Paparazzi und Fafadi
Zur Stärkung der Zuschauer brauste als achte Umzugsnummer der «Füürwehrkafiwage» vorbei. Die Feuerwehrmänner auf dem zur mobilen Bar umgerüsteten Fahrzeug der Feuerwehr Ebikon/Dierikon schenkten allen kostenlos Kafi aus. Nur wenig später folgten die Paparazzi der Sädelgeister Zufikon im Blitzlichtgewitter des Tambourmajors – er dirigierte seine Guuggenmusig mit einem Fotostativ inklusive dauerblitzender Kamera.

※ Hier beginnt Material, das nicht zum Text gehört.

lemma trap_sum_exp_shallow_le:
  assumes "finite V" and "0 < a" and "0 \<le> d" and "0 < g"
    and "shallow_load V E x0 \<tau> (a powr (1 / \<alpha>) * g) N \<le> ((a + d) / a) powr (1 / \<alpha>) * f"
  shows "trap_sum_exp V E x0 \<tau> (shallow V \<tau> \<alpha> g a) N \<le> (a + d) powr (1 / \<alpha>) * (f * g)"
proof -
  have A_pos: "0 < a powr (1 / \<alpha>) * g"
    using assms(2,4) by simp
  have "trap_sum_exp V E x0 \<tau> (shallow V \<tau> \<alpha> g a) N
          \<le> a powr (1 / \<alpha>) * g * (((a + d) / a) powr (1 / \<alpha>) * f)"
    unfolding trap_sum_exp_shallow_eq[OF assms(1) A_pos] using A_pos
    by (intro mult_left_mono assms(5)) simp
  also have "\<dots> = (a + d) powr (1 / \<alpha>) * (f * g)"
    using assms(2,3) by (simp add: powr_divide mult_ac)
  finally show ?thesis .
qed

lemma truncation_le_dyadic_sum:
  fixes y :: real
  assumes "0 < y"
  shows "(if y < 1 then y else 0)
           \<le> (\<Sum>k<K. (1/4)^k * (if (1/4)^(k+1) \<le> y then 1 else 0)) + (1/4)^K"
proof (cases "y < 1")
  case False
  then show ?thesis by (auto intro!: add_nonneg_nonneg sum_nonneg)
next
  case True
  have "y \<le> (\<Sum>k<K. (1/4::real)^k * (if (1/4)^(k+1) \<le> y then 1 else 0)) + (1/4)^K"
  proof (induction K)
    case (Suc K)
    show ?case
    proof (cases "(1/4::real)^(K+1) \<le> y")
      case True
      then have "(\<Sum>k<Suc K. (1/4::real)^k * (if (1/4)^(k+1) \<le> y then 1 else 0)) + (1/4)^(Suc K)
          = (\<Sum>k<K. (1/4::real)^k * (if (1/4)^(k+1) \<le> y then 1 else 0)) + (1/4)^K + (1/4)^(Suc K)"
        by simp
      moreover have "(0::real) \<le> (1/4)^(Suc K)" by simp
      ultimately show ?thesis using Suc.IH by linarith
    next
      case False
      have "0 \<le> (\<Sum>k<K. (1/4::real)^k * (if (1/4)^(k+1) \<le> y then 1 else 0))"
        by (auto intro!: sum_nonneg)
      with False show ?thesis by simp
    qed
  qed (use True in simp)
  with True show ?thesis by simp
qed

lemma integral_truncation_le_dyadic_sum:
  fixes Y :: "'w \<Rightarrow> real"
  assumes "prob_space P" and Y_meas: "Y \<in> borel_measurable P"
    and Y_pos: "\<And>\<omega>. \<omega> \<in> space P \<Longrightarrow> 0 < Y \<omega>"
  shows "integral\<^sup>L P (\<lambda>\<omega>. if Y \<omega> < 1 then Y \<omega> else 0)
           \<le> (\<Sum>k<K. (1/4)^k * measure P {\<omega>\<in>space P. (1/4)^(k+1) \<le> Y \<omega>}) + (1/4)^K"
proof -
  interpret prob_space P by (rule assms(1))
  define I where "I k = {\<omega>\<in>space P. (1/4::real)^(k+1) \<le> Y \<omega>}" for k
  have I_sets: "I k \<in> sets P" for k
    unfolding I_def using Y_meas by measurable
  have integrable_I: "integrable P (\<lambda>\<omega>. (1/4::real)^k * indicator (I k) \<omega>)" for k
    using I_sets by (intro Bochner_Integration.integrable_mult_right integrable_real_indicator)
      (auto simp: emeasure_eq_measure)
  have "integral\<^sup>L P (\<lambda>\<omega>. if Y \<omega> < 1 then Y \<omega> else 0)
          \<le> integral\<^sup>L P (\<lambda>\<omega>. (\<Sum>k<K. (1/4)^k * indicator (I k) \<omega>) + (1/4)^K)"
  proof (rule integral_mono)
    show "integrable P (\<lambda>\<omega>. if Y \<omega> < 1 then Y \<omega> else 0)"
    proof (rule integrable_const_bound[where B=1])
      show "AE \<omega> in P. norm (if Y \<omega> < 1 then Y \<omega> else 0) \<le> 1"
        by (rule AE_I2) (auto dest: Y_pos)
    qed (use Y_meas in auto)
    show "integrable P (\<lambda>\<omega>. (\<Sum>k<K. (1/4)^k * indicator (I k) \<omega>) + (1/4::real)^K)"
      using integrable_I
      by (intro Bochner_Integration.integrable_add Bochner_Integration.integrable_sum) auto
    fix \<omega> assume "\<omega> \<in> space P"
    then have "(\<Sum>k<K. (1/4::real)^k * indicator (I k) \<omega>)
                 = (\<Sum>k<K. (1/4)^k * (if (1/4)^(k+1) \<le> Y \<omega> then 1 else 0))"
      by (intro sum.cong) (auto simp: I_def)
    with truncation_le_dyadic_sum[OF Y_pos[OF \<open>\<omega> \<in> space P\<close>], of K]
    show "(if Y \<omega> < 1 then Y \<omega> else 0) \<le> (\<Sum>k<K. (1/4)^k * indicator (I k) \<omega>) + (1/4)^K"
      by linarith
  qed
  also have "\<dots> = (\<Sum>k<K. (1/4)^k * measure P (I k)) + (1/4)^K"
  proof -
    have "integral\<^sup>L P (\<lambda>\<omega>. (\<Sum>k<K. (1/4)^k * indicator (I k) \<omega>) + (1/4::real)^K)
          = integral\<^sup>L P (\<lambda>\<omega>. \<Sum>k<K. (1/4)^k * indicator (I k) \<omega>)
            + integral\<^sup>L P (\<lambda>\<omega>. (1/4::real)^K)"
      by (rule Bochner_Integration.integral_add)
         (rule Bochner_Integration.integrable_sum, rule integrable_I, simp)
    also have "integral\<^sup>L P (\<lambda>\<omega>. \<Sum>k<K. (1/4)^k * indicator (I k) \<omega>)
          = (\<Sum>k<K. integral\<^sup>L P (\<lambda>\<omega>. (1/4::real)^k * indicator (I k) \<omega>))"
      by (rule Bochner_Integration.integral_sum) (rule integrable_I)
    also have "\<dots> = (\<Sum>k<K. (1/4)^k * measure P (I k))"
      using I_sets by (intro sum.cong refl) simp
    finally show ?thesis by (simp add: prob_space)
  qed
  finally show ?thesis unfolding I_def .
qed

(* Layer cake over the levels 4^-(k+1): for alpha <= 1/2 the tail bound makes the k-th layer
   at most 2 q 2^-k, and the layers sum to at most 4 q. *)
lemma integral_truncation_le_of_tail:
  fixes Y :: "'w \<Rightarrow> real"
  assumes "prob_space P" and "Y \<in> borel_measurable P"
    and "\<And>\<omega>. \<omega> \<in> space P \<Longrightarrow> 0 < Y \<omega>"
    and "0 < \<alpha>" "\<alpha> \<le> 1/2"
    and tail: "\<And>s. 0 < s \<Longrightarrow> s \<le> 1 \<Longrightarrow> measure P {\<omega>\<in>space P. s \<le> Y \<omega>} \<le> q / s powr \<alpha>"
  shows "integral\<^sup>L P (\<lambda>\<omega>. if Y \<omega> < 1 then Y \<omega> else 0) \<le> 4 * q"
proof (rule field_le_epsilon)
  have q_nonneg: "0 \<le> q"
    using order.trans[OF measure_nonneg tail[of 1]] by simp
  have dyadic_term: "(1/4::real)^k * measure P {\<omega>\<in>space P. (1/4)^(k+1) \<le> Y \<omega>} \<le> 2 * q * (1/2)^k"
    for k
  proof -
    have quarter_powr_half: "((1/4::real)^(k+1)) powr (1/2) = (1/2)^(k+1)"
    proof -
      have "(1/4::real)^(k+1) = ((1/2)^(k+1))^2"
        by (simp add: power2_eq_square power_mult_distrib[symmetric])
      then show ?thesis by (simp add: powr_half_sqrt)
    qed
    have "measure P {\<omega>\<in>space P. (1/4)^(k+1) \<le> Y \<omega>} \<le> q / ((1/4::real)^(k+1)) powr \<alpha>"
      using power_le_one[of "1/4::real" k] by (intro tail) auto
    also have "\<dots> \<le> q / ((1/4::real)^(k+1)) powr (1/2)"
      using q_nonneg assms(4,5) power_le_one[of "1/4::real" "k+1"]
      by (intro divide_left_mono powr_mono' mult_pos_pos) auto
    also have "\<dots> = q * 2^(k+1)"
      unfolding quarter_powr_half by (simp add: power_one_over)
    finally have "(1/4::real)^k * measure P {\<omega>\<in>space P. (1/4)^(k+1) \<le> Y \<omega>}
                    \<le> (1/4)^k * (q * 2^(k+1))"
      by (intro mult_left_mono) auto
    also have "\<dots> = 2 * q * (1/2)^k"
      by (simp add: power_one_over field_simps power_mult_distrib[symmetric])
    finally show ?thesis .
  qed
  have geometric: "(\<Sum>k<K. 2 * q * (1/2::real)^k) \<le> 4 * q" for K
  proof -
    have "(\<Sum>k<K. (1/2::real)^k) = 2 - 2 * (1/2)^K"
      by (induction K) (auto simp: power_one_over)
    then have "(\<Sum>k<K. (1/2::real)^k) \<le> 2" by simp
    then have "q * (\<Sum>k<K. (1/2::real)^k) \<le> q * 2"
      using q_nonneg by (rule mult_left_mono)
    then show ?thesis by (simp add: sum_distrib_left[symmetric] mult_ac)
  qed
  fix e :: real assume "0 < e"
  then obtain K where K: "(1/4::real)^K < e"
    using real_arch_pow_inv[of e "1/4"] by auto
  have "integral\<^sup>L P (\<lambda>\<omega>. if Y \<omega> < 1 then Y \<omega> else 0)
          \<le> (\<Sum>k<K. (1/4)^k * measure P {\<omega>\<in>space P. (1/4)^(k+1) \<le> Y \<omega>}) + (1/4)^K"
    by (rule integral_truncation_le_dyadic_sum[OF assms(1-3)])
  also have "\<dots> \<le> (\<Sum>k<K. 2 * q * (1/2)^k) + (1/4)^K"
    by (intro add_right_mono sum_mono dyadic_term)
  finally show "integral\<^sup>L P (\<lambda>\<omega>. if Y \<omega> < 1 then Y \<omega> else 0) \<le> 4 * q + e"
    using geometric[of K] K by linarith
qed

Ebenfalls aufgefallen sind die Fafadi, eine Fasnachtsgruppe aus Dierikon: Ihren Umzugswagen schmückte ein nachgebauter Patrouille-Suisse-Kampfjet, garniert mit zahlreichen bunten Ballons, aus dem Innern schmetterte Nena ihre «99 Luftballons».

«Supertoll!»
Bei den Zuschauern kam der Umzug sehr gut an. «Das war supertoll!», schwärmte Frida Kessler-Bucher. «Dass in einer kleinen Gemeinde so ein Aufwand betrieben wird, ist wunderschön», fügte Ehemann Walter Kessler an. Deswegen sei die Dörflifasnacht fast schon ein Fixpunkt in ihrer Jahresplanung.